With both ends included, repeat exactly the lines of the entries below from the one containing "-1, complex_of_real (3" down to the one containing "define F where", and no others.
##### RECORDS SHOWN #####
definition indices_bounded :: "nat \<Rightarrow> expr \<Rightarrow> bool" where
  "indices_bounded M E \<longleftrightarrow> (\<forall>p\<in>#E. \<forall>s\<in>#p. s \<subseteq> {..M})"

lemma chord_weight_doubleton:
  assumes "i < j" "j \<le> M"
  shows "int (chord_weight M {i, j}) = 2 * int M * (int j - int i) - (int j - int i)\<^sup>2"
proof -
  have "(j - i)\<^sup>2 \<le> 2 * M * (j - i)"
    using assms by (simp add: power2_eq_square mult_right_mono)
  with assms show ?thesis by (simp add: chord_weight_def max_def min_def of_nat_diff)
qed

lemma chord_weight_exchange:
  assumes "a < b" "b < c" "c < d" "d \<le> M"
  shows "chord_weight M {a, b} + chord_weight M {c, d} < chord_weight M {a, c} + chord_weight M {b, d}"
    and "chord_weight M {a, d} + chord_weight M {b, c} < chord_weight M {a, c} + chord_weight M {b, d}"
proof -
  define x y z where "x = int b - int a" and "y = int c - int b" and "z = int d - int c"
  have pos: "0 < x" "0 < y" "0 < z" "x + y + z \<le> int M"
    using assms by (auto simp: x_def y_def z_def)
  let ?w = "\<lambda>L. 2 * int M * L - L\<^sup>2"
  have w: "int (chord_weight M {a, b}) = ?w x" "int (chord_weight M {c, d}) = ?w z"
      "int (chord_weight M {a, c}) = ?w (x + y)" "int (chord_weight M {b, d}) = ?w (y + z)"
      "int (chord_weight M {a, d}) = ?w (x + y + z)" "int (chord_weight M {b, c}) = ?w y"
    using assms by (simp_all add: chord_weight_doubleton x_def y_def z_def)
  have "?w (x + y) + ?w (y + z) - ?w x - ?w z = 2 * (y * (2 * int M - x - y - z))"
    and "?w (x + y) + ?w (y + z) - ?w (x + y + z) - ?w y = 2 * (x * z)"
    by (simp_all add: algebra_simps power2_eq_square)
  moreover have "0 < y * (2 * int M - x - y - z)" "0 < x * z"
    using pos by (auto intro: mult_pos_pos)
  ultimately show "chord_weight M {a, b} + chord_weight M {c, d} < chord_weight M {a, c} + chord_weight M {b, d}"
    and "chord_weight M {a, d} + chord_weight M {b, c} < chord_weight M {a, c} + chord_weight M {b, d}"
    using w by linarith+
qed

lemma indices_bounded_step:
  assumes "indices_bounded M E" "expand_step E E'"
  shows "indices_bounded M E'"
proof -
  obtain p a b c d R where h: "p \<in># E" "a < b" "b < c" "c < d"
      "p = add_mset {a, c} (add_mset {b, d} R)" "E' = E - {#p#} + resolve_crossing a b c d R"
    using assms(2) by (rule expand_stepE)
  have "\<forall>s\<in>#p. s \<subseteq> {..M}" using assms(1) h(1) unfolding indices_bounded_def by blast
  then have "\<forall>q\<in>#resolve_crossing a b c d R. \<forall>s\<in>#q. s \<subseteq> {..M}"
    using h(2-5) by (auto simp: resolve_crossing_def)
  then show ?thesis using assms(1) unfolding h(6) indices_bounded_def by (auto dest: in_diffD)
qed

lemma product_weights_decrease:
  assumes "indices_bounded M E" "expand_step E E'"
  shows "(image_mset (product_weight M) E', image_mset (product_weight M) E) \<in> mult less_than"
proof -
  obtain p a b c d R where h: "p \<in># E" "a < b" "b < c" "c < d"
      "p = add_mset {a, c} (add_mset {b, d} R)" "E' = E - {#p#} + resolve_crossing a b c d R"
    using assms(2) by (rule expand_stepE)
  let ?f = "product_weight M"
  have "d \<le> M" using assms(1) h(1,5) unfolding indices_bounded_def by auto
  then have lt: "\<forall>w\<in>#image_mset ?f (resolve_crossing a b c d R). (w, ?f p) \<in> less_than"
    using chord_weight_exchange[OF h(2-4)] unfolding h(5)
    by (simp add: resolve_crossing_def product_weight_def)
  have E: "image_mset ?f E = image_mset ?f (E - {#p#}) + {#?f p#}"
    using h(1) by (metis add_mset_add_single image_mset_add_mset insert_DiffM)
  have E': "image_mset ?f E' = image_mset ?f (E - {#p#}) + image_mset ?f (resolve_crossing a b c d R)"
    unfolding h(6) by (rule image_mset_union)
  show ?thesis unfolding E E' by (rule one_step_implies_mult) (use lt in auto)
qed

lemma wf_bounded_expand_step: "wf {(E', E). indices_bounded M E \<and> expand_step E E'}"
proof (rule wf_subset)
  show "wf (inv_image (mult less_than) (image_mset (product_weight M)))"
    by (intro wf_inv_image wf_mult wf_less_than)
  show "{(E', E). indices_bounded M E \<and> expand_step E E'}
      \<subseteq> inv_image (mult less_than) (image_mset (product_weight M))"
    using product_weights_decrease by auto
qed

lemma valid_expr_indices_bounded:
  assumes "valid_expr E"
  obtains M where "indices_bounded M E"
proof -
  have "finite s" if "p \<in># E" "s \<in># p" for p s
    using assms that unfolding valid_expr_def by (metis card.infinite zero_neq_numeral)
  then have "finite (\<Union>p\<in>set_mset E. \<Union>(set_mset p))" by auto
  then obtain M where "\<forall>v\<in>(\<Union>p\<in>set_mset E. \<Union>(set_mset p)). v \<le> M"
    using finite_nat_set_iff_bounded_le by blast
  then show ?thesis by (intro that) (auto simp: indices_bounded_def)
qed
lemma circle_point_mem:
  assumes "t \<in> (SIGMA z:{1<..<z_crit}. level (fibre_level z))"
  shows "circle_point t \<in> D_Q - {(-1, -1, of_real z_crit)}" "circle_coords (circle_point t) = t"
proof -
  obtain z p q where t: "t = (z, p, q)" "1 < z" "z < z_crit" "(p, q) \<in> level (fibre_level z)"
    using assms by auto
  then have pq: "p^2 < 1" "q^2 < 1" "(1 - p^2) * (1 - q^2) = fibre_level z"
    by (simp_all add: level_def)
  have "((of_real z - 1)^2 / of_real z)^2 = (of_real (((z - 1)^2 / z)^2) :: complex)"
    by simp
  also have "((z - 1)^2 / z)^2 = 16 * fibre_level z"
    by (simp add: fibre_level_def power_divide power_mult_distrib)
  finally have "((of_real z - 1)^2 / of_real z)^2 = (of_real (16 * fibre_level z) :: complex)" .
  then have "Q (circle_param p) (circle_param q) (of_real z) = 0"
    using Q_circle_param_eq_0_iff[of p q] pq by simp
  moreover have "norm (circle_param p) = 1" "norm (circle_param q) = 1"
    using pq by (simp_all add: norm_circle_param)
  ultimately show "circle_point t \<in> D_Q - {(-1, -1, of_real z_crit)}"
    using t by (auto simp: D_Q_def circle_point_def)
  have "Im (csqrt (- circle_param p)) = p" "Im (csqrt (- circle_param q)) = q"
    using csqrt_neg_circle_param pq(1,2) by simp_all
  then show "circle_coords (circle_point t) = t"
    using t by (simp add: circle_coords_def circle_point_def)
qed

lemma homeomorphism_circle_coords:
  "homeomorphism (D_Q - {(-1, -1, of_real z_crit)}) (SIGMA z:{1<..<z_crit}. level (fibre_level z))
     circle_coords circle_point"
proof (rule homeomorphismI)
  show "circle_coords ` (D_Q - {(-1, -1, of_real z_crit)}) \<subseteq> (SIGMA z:{1<..<z_crit}. level (fibre_level z))"
    by (rule image_subsetI) (rule circle_coords_mem(1))
  show "circle_point ` (SIGMA z:{1<..<z_crit}. level (fibre_level z)) \<subseteq> D_Q - {(-1, -1, of_real z_crit)}"
    by (rule image_subsetI) (rule circle_point_mem(1))
  show "circle_point (circle_coords e) = e" if "e \<in> D_Q - {(-1, -1, of_real z_crit)}" for e
    using circle_coords_mem(2)[OF that] .
  show "circle_coords (circle_point t) = t" if "t \<in> (SIGMA z:{1<..<z_crit}. level (fibre_level z))" for t
    using circle_point_mem(2)[OF that] .
  show "continuous_on (SIGMA z:{1<..<z_crit}. level (fibre_level z)) circle_point"
    unfolding circle_point_def circle_param_def split_beta by (intro continuous_intros)
  have "- x \<notin> \<real>\<^sub>\<le>\<^sub>0" "- y \<notin> \<real>\<^sub>\<le>\<^sub>0" if "(x, y, Z) \<in> D_Q" for x y Z
    using that D_Q_ne_one[OF that] neg_notin_nonpos_Reals by (auto simp: D_Q_def)
  then show "continuous_on (D_Q - {(-1, -1, of_real z_crit)}) circle_coords"
    unfolding circle_coords_def split_beta
    by (intro continuous_intros continuous_on_compose2[OF continuous_on_csqrt]) force+
qed

lemma homeomorphism_of_real_embedding:
  "homeomorphism (I \<times> L)
     (complex_of_real ` I \<times> (\<lambda>(a, b). (complex_of_real a, complex_of_real b, 0 :: complex)) ` L)
     (\<lambda>(z, a, b). (of_real z, of_real a, of_real b, 0)) (\<lambda>(Z, A, B, C). (Re Z, Re A, Re B))"
  by (rule homeomorphismI) (auto simp: split_beta intro!: continuous_intros)

theorem lemma9p3:
  shows "locally_trivial_fibration
           (D_Q - {(-1, -1, complex_of_real (3 + 2 * sqrt 2))})
           (\<lambda>(x, y, Z). Z)
           (complex_of_real ` {1 <..< 3 + 2 * sqrt 2})"
proof -
  \<comment> \<open>Any level in (0, 1) can serve as the model fibre.\<close>
  define F where "F = (\<lambda>(a, b). (complex_of_real a, complex_of_real b, 0 :: complex)) ` level (1/4)"
  have "continuous_on {1<..<z_crit} fibre_level"
    unfolding fibre_level_def by (intro continuous_intros) auto
  moreover have "0 < fibre_level z \<and> fibre_level z < 1" if "z \<in> {1<..<z_crit}" for z
    using that fibre_level_pos fibre_level_less_one_iff by auto
  ultimately have flatten: "homeomorphism (SIGMA z:{1<..<z_crit}. level (fibre_level z)) ({1<..<z_crit} \<times> level (1/4))
      (\<lambda>(z, v). (z, rescale ((1 - 1/4) / (1 - fibre_level z)) v))
      (\<lambda>(z, v). (z, rescale ((1 - fibre_level z) / (1 - 1/4)) v))"
    by (rule homeomorphism_rescale_levels) simp_all
  note trivialisation = homeomorphism_compose[OF homeomorphism_compose[OF homeomorphism_circle_coords flatten]
      homeomorphism_of_real_embedding, folded F_def]
  have "(0, sqrt 3 / 2) \<in> level (1/4)"
    by (simp add: level_def power_divide)
  then have "F \<noteq> {}"
    unfolding F_def by blast
  show ?thesis
    unfolding z_crit_def[symmetric]
    by (rule homeomorphism_imp_locally_trivial_fibration[OF trivialisation _ \<open>F \<noteq> {}\<close>])
      (simp add: split_beta circle_coords_mem(3))
qed
lemma zstar_trunc_minus_one_replicate_one_minus_one_tendsto:
  "(\<lambda>N. zstar_trunc N ((-1) # replicate m 1 @ [-1])) \<longlonglongrightarrow> rzeta (m + 2) - polylog (m + 2) (1 / 2)"
proof -
  have "zstar_trunc N ((-1) # replicate m 1 @ [-1])
      = (\<Sum>n=1..N. (-1) ^ n * euler_term (1 / 2) (m + 1) n)
        - (\<Sum>n=1..N. (-1) ^ n * euler_term 1 (m + 1) n)" for N
    unfolding zstar_trunc_minus_one_Cons sum_subtractf[symmetric]
    by (intro sum.cong) (auto simp: zstar_trunc_replicate_one_minus_one_divide right_diff_distrib)
  moreover have "polylog (m + 2) 1 = rzeta (m + 2)"
    unfolding polylog_def rzeta_def by simp
  ultimately show ?thesis
    using tendsto_diff[OF alternating_sum_euler_term_tendsto[of "1 / 2" "m + 1"]
        alternating_sum_euler_term_tendsto[of 1 "m + 1"]]
    by (simp add: numeral_2_eq_2)
qed

lemma zstar_trunc_minus_one_minus_one_tendsto:
  "(\<lambda>N. zstar_trunc N [-1, -1]) \<longlonglongrightarrow> (rzeta 2 + (ln 2) ^ 2) / 2"
proof -
  define a where "a n = (-1) ^ n / real n" for n
  have square: "zstar_trunc N [-1, -1] = ((\<Sum>n=1..N. a n) ^ 2 + (\<Sum>n=1..N. (a n) ^ 2)) / 2" for N
  proof -
    have "2 * (\<Sum>n=1..N. a n * (\<Sum>k=1..n. a k)) = (\<Sum>n=1..N. a n) ^ 2 + (\<Sum>n=1..N. (a n) ^ 2)"
      by (induction N) (auto simp: power2_eq_square algebra_simps)
    then show ?thesis
      by (simp add: a_def)
  qed
  have "(\<lambda>N. \<Sum>n=1..N. a n) \<longlonglongrightarrow> - ln 2"
    using tendsto_minus[OF alternating_harmonic_series_sums[unfolded sums_def]]
    by (simp add: a_def sum.atLeast1_atMost_eq sum_negf[symmetric])
  moreover have "(\<lambda>N. \<Sum>n=1..N. (a n) ^ 2) \<longlonglongrightarrow> rzeta 2"
  proof -
    have "summable (\<lambda>n. 1 / real (Suc n) ^ 2)"
      using inverse_power_summable[of 2, where 'a=real]
      by (subst summable_Suc_iff) (simp add: inverse_eq_divide)
    then show ?thesis
      unfolding rzeta_def using summable_LIMSEQ
      by (simp add: a_def sum.atLeast1_atMost_eq power_divide power_even_eq[symmetric])
  qed
  ultimately have "(\<lambda>N. ((\<Sum>n=1..N. a n) ^ 2 + (\<Sum>n=1..N. (a n) ^ 2)) / 2)
      \<longlonglongrightarrow> ((- ln 2) ^ 2 + rzeta 2) / 2"
    by (intro tendsto_intros) simp_all
  then show ?thesis
    unfolding square by (simp add: add.commute)
qed
lemma ex_order_Fpoly_ge_3_at_tip_iff:
  assumes "l = \<bar>mu\<bar>"
  shows "(\<exists>h. 3 \<le> order l (Fpoly k lam mu l h)) \<longleftrightarrow> (lam + k * l)^2 = 2 * l"
  using assms by (auto simp: order_Fpoly_ge_3_at_tip_iff)

lemma sq_add_eq_double_iff:
  fixes lam l :: real
  shows "(lam + l)^2 = 2 * l \<longleftrightarrow>
    lam \<le> 1/2 \<and> (l = 1 - lam + sqrt (1 - 2 * lam) \<or> l = 1 - lam - sqrt (1 - 2 * lam))"
proof -
  have "(lam + l)^2 = 2 * l \<longleftrightarrow> (l - (1 - lam))^2 = 1 - 2 * lam"
    by (auto simp: power2_eq_square algebra_simps)
  also have "\<dots> \<longleftrightarrow> 0 \<le> 1 - 2 * lam \<and> \<bar>l - (1 - lam)\<bar> = sqrt (1 - 2 * lam)"
  proof
    assume sq: "(l - (1 - lam))^2 = 1 - 2 * lam"
    show "0 \<le> 1 - 2 * lam \<and> \<bar>l - (1 - lam)\<bar> = sqrt (1 - 2 * lam)"
      using zero_le_power2 [of "l - (1 - lam)"] real_sqrt_abs [of "l - (1 - lam)"]
      unfolding sq by simp
  next
    assume "0 \<le> 1 - 2 * lam \<and> \<bar>l - (1 - lam)\<bar> = sqrt (1 - 2 * lam)"
    then show "(l - (1 - lam))^2 = 1 - 2 * lam"
      using power2_abs [of "l - (1 - lam)"] by simp
  qed
  finally show ?thesis
    by (auto simp: abs_if)
qed

lemma ex_order_Fpoly_ge_3_at_tip_kappa_1_iff:
  assumes "l = \<bar>mu\<bar>"
  shows "(\<exists>h. 3 \<le> order l (Fpoly 1 lam mu l h)) \<longleftrightarrow>
    lam \<le> 1/2 \<and> (l = 1 - lam + sqrt (1 - 2 * lam) \<or> l = 1 - lam - sqrt (1 - 2 * lam))"
  using ex_order_Fpoly_ge_3_at_tip_iff [OF assms, of 1 lam] sq_add_eq_double_iff [of lam l]
  by simp

lemma order_Fpoly_ge_3_at_Rmin_imp_singular_tip:
  assumes "3 \<le> order (Rmin mu l) (Fpoly k lam mu l h)"
  shows "Rmin mu l = 0 \<and> mu = 0 \<or> Rmin mu l = l \<and> mu^2 = l^2"
proof -
  define a where "a = Rmin mu l"
  define g where "g = h - lam * a - k/2 * a^2"
  have a: "\<bar>mu\<bar> \<le> a" "l \<le> a" "a = \<bar>mu\<bar> \<or> a = l"
    by (auto simp: a_def Rmin_def)
  have P: "a^2 - mu^2 \<ge> 0"
    using power_mono [OF a(1), of 2] by simp
  have "g^2 = (a^2 - mu^2) * (a - l)"
    and c1: "2 * g * (lam + k * a) + (a^2 - mu^2) + 2 * a * (a - l) = 0"
    using assms by (simp_all add: order_Fpoly_ge_3_iff a_def g_def)
  moreover have "(a^2 - mu^2) * (a - l) = 0"
    using a(3) by auto
  ultimately have "g = 0"
    by simp
  with c1 have "(a^2 - mu^2) + 2 * a * (a - l) = 0"
    by simp
  moreover have "2 * a * (a - l) \<ge> 0"
    using a by simp
  ultimately have "mu^2 = a^2" and "a * (a - l) = 0"
    using P by linarith+
  then have "mu^2 = a^2" "a = 0 \<or> a = l"
    by auto
  then show ?thesis
    unfolding a_def by auto
qed

lemma ex_order_Fpoly_at_Rmin_eq_4_iff:
  fixes k lam mu l :: real
  assumes k: "k \<noteq> 0"
  shows "(\<exists>h. order (Rmin mu l) (Fpoly k lam mu l h) = 4) \<longleftrightarrow>
    (lam, mu, l) = (1 / k, 0, - 1 / k^2) \<or>
    (lam, mu, l) = (1 / (2 * k), 1 / (2 * k^2), 1 / (2 * k^2)) \<or>
    (lam, mu, l) = (1 / (2 * k), - 1 / (2 * k^2), 1 / (2 * k^2))"
    (is "?degenerate \<longleftrightarrow> ?origin \<or> ?tip_pos \<or> ?tip_neg")
proof
  assume ?degenerate
  then obtain h where "order (Rmin mu l) (Fpoly k lam mu l h) = 4" ..
  then have triple: "3 \<le> order (Rmin mu l) (Fpoly k lam mu l h)"
    and cubic_vanishes: "k * (lam + k * Rmin mu l) = 1"
    using order_Fpoly_eq_4_iff [OF k] by auto
  from order_Fpoly_ge_3_at_Rmin_imp_singular_tip [OF triple]
  show "?origin \<or> ?tip_pos \<or> ?tip_neg"
  proof
    assume "Rmin mu l = 0 \<and> mu = 0"
    then have origin: "Rmin mu l = 0" "mu = 0" by auto
    have "l = - (lam^2)"
      using triple unfolding origin(1) unfolding origin(2)
      by (simp add: order_Fpoly_ge_3_at_origin_iff)
    moreover have "lam = 1 / k"
      using cubic_vanishes origin k by (simp add: field_simps)
    ultimately show ?thesis
      using origin by (simp add: power_divide)
  next
    assume tip: "Rmin mu l = l \<and> mu^2 = l^2"
    with triple have "(lam + k * l)^2 = 2 * l"
      by (simp add: order_Fpoly_ge_3_at_tip_iff)
    moreover have "lam + k * l = 1 / k"
      using cubic_vanishes tip k by (simp add: field_simps)
    ultimately have "l = 1 / (2 * k^2)" and "lam = 1 / (2 * k)"
      using k by (simp_all add: power_divide field_simps power2_eq_square)
    moreover have "mu = l \<or> mu = - l"
      using tip by (simp add: power2_eq_iff)
    ultimately show ?thesis
      by auto
  qed
next
  assume "?origin \<or> ?tip_pos \<or> ?tip_neg"
  then show ?degenerate
  proof (rule disjE)
    assume ?origin
    then have v: "lam = 1 / k" "mu = 0" "l = - 1 / k^2"
      by auto
    have "Rmin mu l = 0"
      using v by (simp add: Rmin_def)
    moreover have "3 \<le> order 0 (Fpoly k lam mu l 0)"
      unfolding v(2) by (simp add: order_Fpoly_ge_3_at_origin_iff v(1,3) power_divide)
    ultimately show ?thesis
      using order_Fpoly_eq_4_iff [OF k, of 0 lam mu l 0] v(1) k by auto
  next
    assume "?tip_pos \<or> ?tip_neg"
    then have v: "lam = 1 / (2 * k)" "\<bar>mu\<bar> = l" "l = 1 / (2 * k^2)"
      by auto
    have Rmin: "Rmin mu l = l" and tip: "mu^2 = l^2"
      using v(2) by (auto simp: Rmin_def)
    have b: "lam + k * l = 1 / k"
      using v(1,3) k by (simp add: field_simps power2_eq_square)
    then have "(lam + k * l)^2 = 2 * l"
      by (simp add: v(3) power_divide)
    then have "3 \<le> order l (Fpoly k lam mu l (lam * l + k/2 * l^2))"
      by (simp add: order_Fpoly_ge_3_at_tip_iff [OF tip])
    then show ?thesis
      using order_Fpoly_eq_4_iff [OF k] b k Rmin by auto
  qed
qed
#####
**ANSWER SPACE**.
           (D_Q - {(-1, -1, complex_of_real (3 + 2 * sqrt 2))})
           (\<lambda>(x, y, Z). Z)
           (complex_of_real ` {1 <..< 3 + 2 * sqrt 2})"
proof -
  \<comment> \<open>Any level in (0, 1) can serve as the model fibre.\<close>
  define F where "F = (\<lambda>(a, b). (complex_of_real a, complex_of_real b, 0 :: complex)) ` level (1/4)"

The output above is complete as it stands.